--- Exercise requirements ---
"rule" appears in how many lines of the entries? State only the number.

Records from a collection
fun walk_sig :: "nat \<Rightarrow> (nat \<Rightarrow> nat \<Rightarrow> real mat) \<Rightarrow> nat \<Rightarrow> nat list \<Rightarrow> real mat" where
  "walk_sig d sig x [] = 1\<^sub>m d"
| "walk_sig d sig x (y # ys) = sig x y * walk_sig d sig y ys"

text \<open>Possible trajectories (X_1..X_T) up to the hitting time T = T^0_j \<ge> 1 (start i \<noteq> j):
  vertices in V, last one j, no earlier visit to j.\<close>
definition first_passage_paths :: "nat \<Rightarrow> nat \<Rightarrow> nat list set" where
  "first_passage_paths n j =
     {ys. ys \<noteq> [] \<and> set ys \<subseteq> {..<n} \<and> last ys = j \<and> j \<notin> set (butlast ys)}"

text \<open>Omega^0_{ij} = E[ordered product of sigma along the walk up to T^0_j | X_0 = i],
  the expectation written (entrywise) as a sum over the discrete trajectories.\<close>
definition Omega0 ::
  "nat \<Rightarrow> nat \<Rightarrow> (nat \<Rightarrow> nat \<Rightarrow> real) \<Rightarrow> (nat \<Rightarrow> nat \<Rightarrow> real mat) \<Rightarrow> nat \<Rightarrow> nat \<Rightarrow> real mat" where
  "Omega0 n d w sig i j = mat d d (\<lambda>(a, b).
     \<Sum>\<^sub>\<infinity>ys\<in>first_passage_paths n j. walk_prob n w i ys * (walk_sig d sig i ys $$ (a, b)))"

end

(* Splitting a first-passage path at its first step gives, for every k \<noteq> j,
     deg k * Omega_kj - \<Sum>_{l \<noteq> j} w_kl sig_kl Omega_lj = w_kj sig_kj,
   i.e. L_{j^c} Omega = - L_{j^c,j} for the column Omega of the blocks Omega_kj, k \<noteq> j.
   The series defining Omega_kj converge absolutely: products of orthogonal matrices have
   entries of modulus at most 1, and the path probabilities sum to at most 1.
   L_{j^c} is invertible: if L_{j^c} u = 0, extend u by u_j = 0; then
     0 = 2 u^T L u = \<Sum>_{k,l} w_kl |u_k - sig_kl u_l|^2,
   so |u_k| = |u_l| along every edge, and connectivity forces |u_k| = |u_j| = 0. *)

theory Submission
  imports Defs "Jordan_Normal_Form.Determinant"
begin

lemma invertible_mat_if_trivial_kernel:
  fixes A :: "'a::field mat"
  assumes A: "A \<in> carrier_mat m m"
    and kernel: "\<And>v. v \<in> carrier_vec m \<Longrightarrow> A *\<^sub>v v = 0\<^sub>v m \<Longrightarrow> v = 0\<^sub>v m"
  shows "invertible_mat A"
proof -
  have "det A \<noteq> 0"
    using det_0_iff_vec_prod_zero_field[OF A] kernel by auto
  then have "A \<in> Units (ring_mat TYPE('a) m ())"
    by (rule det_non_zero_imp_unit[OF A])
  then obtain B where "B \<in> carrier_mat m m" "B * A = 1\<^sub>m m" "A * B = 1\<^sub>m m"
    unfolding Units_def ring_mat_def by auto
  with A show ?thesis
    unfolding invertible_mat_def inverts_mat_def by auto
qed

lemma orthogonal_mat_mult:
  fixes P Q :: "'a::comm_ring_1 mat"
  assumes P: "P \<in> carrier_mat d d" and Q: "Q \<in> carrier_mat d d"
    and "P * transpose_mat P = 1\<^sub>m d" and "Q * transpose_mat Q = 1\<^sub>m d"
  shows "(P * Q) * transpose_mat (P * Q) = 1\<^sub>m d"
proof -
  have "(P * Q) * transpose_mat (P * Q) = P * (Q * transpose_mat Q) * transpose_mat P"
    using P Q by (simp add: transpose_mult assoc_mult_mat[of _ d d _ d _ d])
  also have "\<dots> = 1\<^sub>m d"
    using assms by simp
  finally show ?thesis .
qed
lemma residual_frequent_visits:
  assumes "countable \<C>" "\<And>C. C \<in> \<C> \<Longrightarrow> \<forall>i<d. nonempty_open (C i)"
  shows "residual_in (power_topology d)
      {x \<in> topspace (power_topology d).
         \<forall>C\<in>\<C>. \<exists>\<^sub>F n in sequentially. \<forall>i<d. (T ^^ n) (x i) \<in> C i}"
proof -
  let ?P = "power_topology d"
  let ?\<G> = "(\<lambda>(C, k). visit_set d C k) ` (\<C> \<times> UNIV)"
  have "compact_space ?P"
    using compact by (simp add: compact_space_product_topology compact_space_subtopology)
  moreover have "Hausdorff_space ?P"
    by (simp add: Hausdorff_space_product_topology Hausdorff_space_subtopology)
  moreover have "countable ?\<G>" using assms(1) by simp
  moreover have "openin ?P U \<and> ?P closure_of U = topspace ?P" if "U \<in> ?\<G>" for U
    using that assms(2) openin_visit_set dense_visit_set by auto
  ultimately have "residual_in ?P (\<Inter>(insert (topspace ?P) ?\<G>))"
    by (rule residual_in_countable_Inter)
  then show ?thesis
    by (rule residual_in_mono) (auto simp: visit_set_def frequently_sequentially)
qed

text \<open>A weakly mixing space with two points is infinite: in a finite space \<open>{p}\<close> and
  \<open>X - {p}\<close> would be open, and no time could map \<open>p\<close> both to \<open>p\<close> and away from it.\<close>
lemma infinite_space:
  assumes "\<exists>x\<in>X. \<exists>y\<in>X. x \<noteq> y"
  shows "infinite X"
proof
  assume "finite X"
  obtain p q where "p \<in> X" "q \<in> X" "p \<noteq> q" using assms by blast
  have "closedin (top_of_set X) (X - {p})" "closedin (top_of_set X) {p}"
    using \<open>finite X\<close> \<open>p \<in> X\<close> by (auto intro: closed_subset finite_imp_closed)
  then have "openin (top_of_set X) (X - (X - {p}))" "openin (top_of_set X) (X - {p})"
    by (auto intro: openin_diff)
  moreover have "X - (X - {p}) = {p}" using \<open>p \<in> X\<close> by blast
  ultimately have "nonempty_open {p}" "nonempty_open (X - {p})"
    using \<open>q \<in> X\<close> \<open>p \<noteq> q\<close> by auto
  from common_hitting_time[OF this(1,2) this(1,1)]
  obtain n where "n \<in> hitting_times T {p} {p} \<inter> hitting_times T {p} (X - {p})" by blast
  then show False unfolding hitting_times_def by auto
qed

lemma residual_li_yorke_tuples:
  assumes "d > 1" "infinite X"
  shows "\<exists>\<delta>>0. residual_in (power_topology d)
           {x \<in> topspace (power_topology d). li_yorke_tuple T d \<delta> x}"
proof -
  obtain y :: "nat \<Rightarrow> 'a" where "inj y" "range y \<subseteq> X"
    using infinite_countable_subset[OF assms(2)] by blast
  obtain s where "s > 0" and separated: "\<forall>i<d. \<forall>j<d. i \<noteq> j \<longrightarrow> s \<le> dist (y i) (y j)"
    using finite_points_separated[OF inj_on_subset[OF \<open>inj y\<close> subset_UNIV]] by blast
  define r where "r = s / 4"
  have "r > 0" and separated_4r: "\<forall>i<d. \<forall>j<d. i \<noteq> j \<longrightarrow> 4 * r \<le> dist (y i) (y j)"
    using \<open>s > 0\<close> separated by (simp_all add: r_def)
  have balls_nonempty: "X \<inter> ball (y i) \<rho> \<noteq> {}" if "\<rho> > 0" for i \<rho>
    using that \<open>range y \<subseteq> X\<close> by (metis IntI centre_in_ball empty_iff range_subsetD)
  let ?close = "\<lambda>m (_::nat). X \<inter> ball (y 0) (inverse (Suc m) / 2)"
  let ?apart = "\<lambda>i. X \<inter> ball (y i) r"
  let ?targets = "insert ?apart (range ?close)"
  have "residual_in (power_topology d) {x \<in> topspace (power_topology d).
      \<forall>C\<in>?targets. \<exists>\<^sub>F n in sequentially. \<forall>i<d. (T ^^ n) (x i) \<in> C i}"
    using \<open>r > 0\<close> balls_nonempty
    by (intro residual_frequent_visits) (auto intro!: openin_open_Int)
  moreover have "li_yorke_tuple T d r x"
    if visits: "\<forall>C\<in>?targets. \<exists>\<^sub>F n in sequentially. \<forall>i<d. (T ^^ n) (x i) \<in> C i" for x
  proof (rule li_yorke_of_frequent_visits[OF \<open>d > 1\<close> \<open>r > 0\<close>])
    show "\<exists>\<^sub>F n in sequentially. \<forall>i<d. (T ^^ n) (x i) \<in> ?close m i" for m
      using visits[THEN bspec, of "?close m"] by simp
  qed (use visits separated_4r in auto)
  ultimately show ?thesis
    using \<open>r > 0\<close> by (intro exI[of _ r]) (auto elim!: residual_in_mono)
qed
--
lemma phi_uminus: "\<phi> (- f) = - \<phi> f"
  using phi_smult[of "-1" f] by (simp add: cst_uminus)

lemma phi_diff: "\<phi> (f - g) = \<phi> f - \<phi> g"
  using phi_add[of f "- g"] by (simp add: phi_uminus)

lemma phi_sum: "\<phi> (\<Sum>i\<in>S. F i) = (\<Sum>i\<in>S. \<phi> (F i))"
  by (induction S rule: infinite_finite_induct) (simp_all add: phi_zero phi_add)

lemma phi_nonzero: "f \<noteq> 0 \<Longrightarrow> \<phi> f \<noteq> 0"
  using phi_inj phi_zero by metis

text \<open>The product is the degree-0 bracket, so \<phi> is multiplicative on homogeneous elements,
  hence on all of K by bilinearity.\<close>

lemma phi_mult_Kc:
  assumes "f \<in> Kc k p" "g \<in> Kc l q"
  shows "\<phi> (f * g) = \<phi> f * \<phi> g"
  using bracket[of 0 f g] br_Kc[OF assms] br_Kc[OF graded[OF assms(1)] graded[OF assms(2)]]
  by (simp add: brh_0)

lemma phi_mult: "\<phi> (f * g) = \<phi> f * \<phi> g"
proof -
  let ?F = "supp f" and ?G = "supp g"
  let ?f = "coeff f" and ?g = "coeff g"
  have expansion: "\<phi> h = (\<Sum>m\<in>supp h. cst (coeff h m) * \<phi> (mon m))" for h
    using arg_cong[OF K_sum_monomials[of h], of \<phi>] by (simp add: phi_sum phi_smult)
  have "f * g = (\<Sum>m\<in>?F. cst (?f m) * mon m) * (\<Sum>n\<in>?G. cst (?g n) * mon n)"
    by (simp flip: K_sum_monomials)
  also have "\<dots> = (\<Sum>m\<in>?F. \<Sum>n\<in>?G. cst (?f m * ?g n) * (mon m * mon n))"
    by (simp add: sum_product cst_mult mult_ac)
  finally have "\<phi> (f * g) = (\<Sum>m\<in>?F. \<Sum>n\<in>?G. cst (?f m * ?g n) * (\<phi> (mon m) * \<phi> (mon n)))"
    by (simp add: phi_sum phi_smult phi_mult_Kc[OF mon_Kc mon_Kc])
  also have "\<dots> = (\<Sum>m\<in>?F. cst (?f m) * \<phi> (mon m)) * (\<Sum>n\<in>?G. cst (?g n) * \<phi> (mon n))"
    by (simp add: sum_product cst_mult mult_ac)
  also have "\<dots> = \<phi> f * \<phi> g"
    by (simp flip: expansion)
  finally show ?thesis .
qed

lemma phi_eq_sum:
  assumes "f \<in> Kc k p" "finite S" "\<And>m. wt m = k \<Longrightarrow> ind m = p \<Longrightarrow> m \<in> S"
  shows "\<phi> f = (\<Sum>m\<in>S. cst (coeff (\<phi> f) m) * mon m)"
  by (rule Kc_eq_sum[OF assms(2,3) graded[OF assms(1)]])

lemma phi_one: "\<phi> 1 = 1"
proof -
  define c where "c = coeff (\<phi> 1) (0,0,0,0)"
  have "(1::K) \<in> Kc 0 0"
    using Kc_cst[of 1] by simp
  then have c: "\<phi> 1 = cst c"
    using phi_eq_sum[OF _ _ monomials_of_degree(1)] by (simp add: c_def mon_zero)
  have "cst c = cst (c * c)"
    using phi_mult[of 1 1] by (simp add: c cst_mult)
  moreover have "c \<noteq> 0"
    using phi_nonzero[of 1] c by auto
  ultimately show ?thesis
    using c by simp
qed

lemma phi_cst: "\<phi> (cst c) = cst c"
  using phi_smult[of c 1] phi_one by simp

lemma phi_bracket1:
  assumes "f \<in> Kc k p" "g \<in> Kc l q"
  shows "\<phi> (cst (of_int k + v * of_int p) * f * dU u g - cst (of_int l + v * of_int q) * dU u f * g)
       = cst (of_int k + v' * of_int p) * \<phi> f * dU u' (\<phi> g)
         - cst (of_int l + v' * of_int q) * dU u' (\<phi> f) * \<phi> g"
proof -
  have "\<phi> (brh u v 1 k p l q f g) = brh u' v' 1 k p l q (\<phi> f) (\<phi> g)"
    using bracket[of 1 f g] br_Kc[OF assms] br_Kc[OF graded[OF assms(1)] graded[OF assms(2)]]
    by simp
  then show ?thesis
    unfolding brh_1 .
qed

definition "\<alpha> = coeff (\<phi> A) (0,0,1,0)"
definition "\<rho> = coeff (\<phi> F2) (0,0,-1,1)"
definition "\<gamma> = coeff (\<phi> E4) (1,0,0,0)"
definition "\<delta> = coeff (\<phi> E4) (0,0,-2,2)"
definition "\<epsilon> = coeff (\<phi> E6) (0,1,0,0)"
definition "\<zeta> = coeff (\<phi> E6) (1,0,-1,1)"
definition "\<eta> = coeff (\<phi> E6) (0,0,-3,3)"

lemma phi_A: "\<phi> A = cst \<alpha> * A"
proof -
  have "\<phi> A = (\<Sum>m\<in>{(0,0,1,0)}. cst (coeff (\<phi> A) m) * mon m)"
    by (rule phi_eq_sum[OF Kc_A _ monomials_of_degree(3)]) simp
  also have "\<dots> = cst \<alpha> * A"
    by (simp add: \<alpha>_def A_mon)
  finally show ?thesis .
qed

--- Output for this exercise ---
7